The continuous researvoir model updating is widely used to calibrate reservoir simulation models to production data, but many challenges remain. First, few real field data are available to test the new history matching method, and most of the data sets are synthetic cases. Second, computational cost may be high when using non-Gaussian priors or nonlinear models. Third, with large complex models, the simulation runs and history matching method require huge memory allocations.

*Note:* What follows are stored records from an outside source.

(* Let $R$ be a full-rank order of rank $n$ in the number field $K=\mathrm{Q}(R)$, let $p$ be a prime and let $a\in\mathbb{Z}_{>0}$ satisfy $0<\operatorname{ord}_p(a)<\operatorname{ord}_p(\delta(R))$. If the ideal $\delta(R)R^\dagger+aR\subseteq R$ is invertible at $p$, then $p\le n$.
   Context: An order is a domain whose additive group is isomorphic to $\mathbb{Z}^n$ ($n$ its rank); $\mathrm{Q}(R)$ is its field of fractions, a number field of degree $n$. For an additive subgroup $I\subseteq K$, the trace dual is $I^\dagger=\{x\in K:\operatorname{Tr}_{K/\mathbb{Q}}(xI)\subseteq\mathbb{Z}\}$. The reduced discriminant $\delta(R)$ is the exponent of the finite abelian group $R^\dagger/R$. For a rational prime $p$, $R_p$ denotes the localization of $R$ at $p$ as a $\mathbb{Z}$-algebra (i.e. $\mathbb{Z}_{(p)}\otimes R$), and a fractional ideal $I$ of $R$ is invertible at $p$ if $IR_p$ is an invertible ideal of $R_p$, i.e. $(IR_p)J=R_p$ for some $R_p$-submodule $J\subseteq K$. *)

theory Defs
  imports "HOL-Computational_Algebra.Computational_Algebra"
begin

text \<open>Orders are modelled as subrings of an ambient field of characteristic 0
(every order embeds in its fraction field, which has characteristic 0).\<close>

definition is_order :: "'a::field_char_0 set \<Rightarrow> nat \<Rightarrow> bool" where
  "is_order R n \<longleftrightarrow>
     1 \<in> R \<and> (\<forall>x\<in>R. \<forall>y\<in>R. x + y \<in> R \<and> - x \<in> R \<and> x * y \<in> R) \<and>
     (\<exists>b :: nat \<Rightarrow> 'a.
        R = {\<Sum>i<n. of_int (c i) * b i | c. True} \<and>
        (\<forall>c. (\<Sum>i<n. of_int (c i) * b i) = 0 \<longrightarrow> (\<forall>i<n. c i = 0)))"

definition frac_field :: "'a::field set \<Rightarrow> 'a set" where
  "frac_field R = {x / y | x y. x \<in> R \<and> y \<in> R \<and> y \<noteq> 0}"

definition is_Q_basis :: "'a::field_char_0 set \<Rightarrow> (nat \<Rightarrow> 'a) \<Rightarrow> nat \<Rightarrow> bool" where
  "is_Q_basis K b n \<longleftrightarrow> (\<forall>i<n. b i \<in> K) \<and>
     (\<forall>x\<in>K. \<exists>!c::nat \<Rightarrow> rat. (\<forall>j\<ge>n. c j = 0) \<and> x = (\<Sum>j<n. of_rat (c j) * b j))"

definition Q_coords :: "(nat \<Rightarrow> 'a::field_char_0) \<Rightarrow> nat \<Rightarrow> 'a \<Rightarrow> nat \<Rightarrow> rat" where
  "Q_coords b n x = (THE c. (\<forall>j\<ge>n. c j = 0) \<and> x = (\<Sum>j<n. of_rat (c j) * b j))"

text \<open>Tr_{K/Q}(x): trace of multiplication by x on K as Q-vector space,
  computed in a (chosen) Q-basis of K.\<close>
definition field_trace :: "'a::field_char_0 set \<Rightarrow> 'a \<Rightarrow> rat" where
  "field_trace K x = (let (b, n) = (SOME (b, n). is_Q_basis K b n)
                      in \<Sum>i<n. Q_coords b n (x * b i) i)"

definition trace_dual :: "'a::field_char_0 set \<Rightarrow> 'a set \<Rightarrow> 'a set" where
  "trace_dual K I = {x \<in> K. \<forall>y\<in>I. field_trace K (x * y) \<in> \<int>}"

definition red_disc :: "'a::field_char_0 set \<Rightarrow> nat" where
  "red_disc R = (LEAST d::nat. d > 0 \<and>
      (\<forall>x\<in>trace_dual (frac_field R) R. of_nat d * x \<in> R))"

text \<open>R_p = Z_(p) \<otimes> R.\<close>
definition loc_at :: "nat \<Rightarrow> 'a::field_char_0 set \<Rightarrow> 'a set" where
  "loc_at p R = {r / of_nat s | r s. r \<in> R \<and> \<not> p dvd s}"

definition ideal_mult :: "'a::field set \<Rightarrow> 'a set \<Rightarrow> 'a set" where
  "ideal_mult A B = {\<Sum>i<m. f i * g i | (m::nat) f g. \<forall>i<m. f i \<in> A \<and> g i \<in> B}"

definition invertible_at :: "'a::field_char_0 set \<Rightarrow> nat \<Rightarrow> 'a set \<Rightarrow> bool" where
  "invertible_at R p I \<longleftrightarrow>
     (\<exists>J. J \<subseteq> frac_field R \<and> 0 \<in> J \<and> (\<forall>x\<in>J. \<forall>y\<in>J. x + y \<in> J) \<and>
          (\<forall>r\<in>loc_at p R. \<forall>x\<in>J. r * x \<in> J) \<and>
          ideal_mult (ideal_mult I (loc_at p R)) J = loc_at p R)"

end

theory Submission
  imports Defs "Jordan_Normal_Form.Determinant"
begin

(*
  Write \<delta> = red_disc R and I = \<delta>R\<^sup>\<dagger> + aR, and let J be an inverse of I at p.
  Call the elements v of R_p with Tr(v R_p) \<subseteq> pZ_(p) the trace radical. As a \<in> I, we have
  aJ \<subseteq> R_p, and since ord_p(\<delta>/a) > 0 this puts \<delta>R\<^sup>\<dagger>R_pJ into the trace radical; hence
  1 \<in> IR_pJ gives 1 = \<nu> + ag with \<nu> in the trace radical and g \<in> J.

  If p > n, the trace radical is nil modulo pR_p: some power of an element of R is
  idempotent modulo p, and the trace of an idempotent matrix modulo p is its rank, which
  lies in 1..n < p unless the matrix vanishes. So \<nu>\<^sup>T \<in> p\<^sup>kR_p, where p\<^sup>k is the exact power
  of p dividing a, and the geometric series gives 1 - \<nu>\<^sup>T = a\<psi> with \<psi> \<in> J. For x \<in> R\<^sup>\<dagger>
  this yields (\<delta>/p\<^sup>k)x \<in> R_p, and together with \<delta>x \<in> R it gives (\<delta>/p\<^sup>k)R\<^sup>\<dagger> \<subseteq> R,
  contradicting the minimality of \<delta>.
*)

section \<open>Idempotent integer matrices modulo a prime\<close>

lemma idempotent_mod_prime_deflation:
  fixes p :: int and E :: "nat \<Rightarrow> nat \<Rightarrow> int"
  assumes "prime p" and "finite I"
    and idem: "\<And>a c. a \<in> I \<Longrightarrow> c \<in> I \<Longrightarrow> p dvd (\<Sum>k\<in>I. E a k * E k c) - E a c"
    and i: "i \<in> I" and c0: "c0 \<in> I" and unit: "\<not> p dvd E i c0"
  obtains E' where "\<And>k l. k \<in> I - {i} \<Longrightarrow> l \<in> I - {i} \<Longrightarrow>
      p dvd (\<Sum>m\<in>I - {i}. E' k m * E' m l) - E' k l"
    and "p dvd (\<Sum>k\<in>I - {i}. E' k k) - ((\<Sum>k\<in>I. E k k) - 1)"
proof -
  define v where "v k = E k c0" for k
  have "coprime (v i) p"
    using unit assms(1) unfolding v_def by (metis coprime_commute prime_imp_coprime)
  then obtain u w where "u * v i + w * p = 1" using bezout_int by (metis coprime_iff_gcd_eq_1)
  then have "u * v i - 1 = p * (- w)" by (simp add: algebra_simps)
  then have u: "p dvd u * v i - 1" by (metis dvd_triv_left)
  define I' where "I' = I - {i}"
  \<comment> \<open>Subtract the rank-one idempotent spanned by the column v, whose trace is u v_i = 1 mod p.\<close>
  define E' where "E' k l = E k l - u * v k * E i l" for k l
  have split_dvd: "p dvd (\<Sum>m\<in>I'. f m) + f i - y" if "p dvd (\<Sum>m\<in>I. f m) - y" for f y
    using that \<open>finite I\<close> i unfolding I'_def by (simp add: sum.remove add.commute)
  have Ev: "p dvd (\<Sum>m\<in>I'. E a m * v m) + E a i * v i - v a" if "a \<in> I" for a
    using split_dvd idem[OF that c0] unfolding v_def by blast
  have "p dvd (\<Sum>m\<in>I'. E' k m * E' m l) - E' k l" if k: "k \<in> I'" and l: "l \<in> I'" for k l
  proof -
    have kI: "k \<in> I" and lI: "l \<in> I" using k l unfolding I'_def by auto
    define A where "A = (\<Sum>m\<in>I'. E k m * E m l)"
    define B where "B = (\<Sum>m\<in>I'. E k m * v m)"
    define C where "C = (\<Sum>m\<in>I'. E i m * E m l)"
    define D where "D = (\<Sum>m\<in>I'. E i m * v m)"
    have "(\<Sum>m\<in>I'. E' k m * E' m l) = (\<Sum>m\<in>I'. E k m * E m l - u * E i l * (E k m * v m)
            - u * v k * (E i m * E m l) + u\<^sup>2 * v k * E i l * (E i m * v m))"
      unfolding E'_def by (rule sum.cong) (auto simp: algebra_simps power2_eq_square)
    also have "\<dots> = A - u * E i l * B - u * v k * C + u\<^sup>2 * v k * E i l * D"
      unfolding A_def B_def C_def D_def by (simp add: sum.distrib sum_subtractf sum_distrib_left)
    finally have expand: "(\<Sum>m\<in>I'. E' k m * E' m l) - E' k l =
        (A + E k i * E i l - E k l) - u * E i l * (B + E k i * v i - v k)
        - u * v k * (C + E i i * E i l - E i l) + u\<^sup>2 * v k * E i l * (D + E i i * v i - v i)
        + (E k i * E i l + u * v k * E i l - u * v k * E i i * E i l) * (u * v i - 1)"
      unfolding E'_def by (simp add: algebra_simps power2_eq_square)
    have hA: "p dvd A + E k i * E i l - E k l" using split_dvd[OF idem[OF kI lI]] unfolding A_def .
    have hB: "p dvd B + E k i * v i - v k" using Ev[OF kI] unfolding B_def .
    have hC: "p dvd C + E i i * E i l - E i l" using split_dvd[OF idem[OF i lI]] unfolding C_def .
    have hD: "p dvd D + E i i * v i - v i" using Ev[OF i] unfolding D_def .
    show ?thesis unfolding expand by (intro hA hB hC hD u dvd_add dvd_diff dvd_mult)
  qed
  moreover have "p dvd (\<Sum>k\<in>I'. E' k k) - ((\<Sum>k\<in>I. E k k) - 1)"
  proof -
    define D where "D = (\<Sum>m\<in>I'. E i m * v m)"
    have "(\<Sum>k\<in>I'. E' k k) - ((\<Sum>k\<in>I. E k k) - 1) = (E i i - 1) * (u * v i - 1) - u * (D + E i i * v i - v i)"
      unfolding E'_def D_def I'_def using \<open>finite I\<close> i
      by (simp add: sum.remove sum_subtractf sum_distrib_left algebra_simps)
    moreover have "p dvd D + E i i * v i - v i" using Ev[OF i] unfolding D_def .
    ultimately show ?thesis using u by simp
  qed
  ultimately show thesis unfolding I'_def by (rule that)
qed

This dissertation achieves a continuous reservoir model updating workflow with a meter-scale , two-phase flow experiment. Both production and seismic data are collected in the experiment. Because the data are high-frequency sequential data with noise, the EnKF method is used to efficiently integrate them.
To better understand the problem, scaling analysis is done on the capillary transition zone. Two new dimensionless numbers are introduced-capillary time and capillary length. We found that for different models, if their capillary time and gravity number are equal, the capillary length would be the same. The scaling analysis results help us find a proper flow rate for the sand tank experiment.
Two experiments are conducted to test the workflow and the EnKF method. In the first one, both the production and seismic data are collected and analyzed. The production data have large errors in the flow rate and they are integrated to improve reservoir models using EnKF method. The history matching results are in an acceptable range which demonstrate that even if the observation data has large error, the EnKF method still works. In the second experiment, the errors of flow rate are reduced by measuring manually with a graduated cylinder. Because the data quality are much better in the second experiment, the observations can be matched easily.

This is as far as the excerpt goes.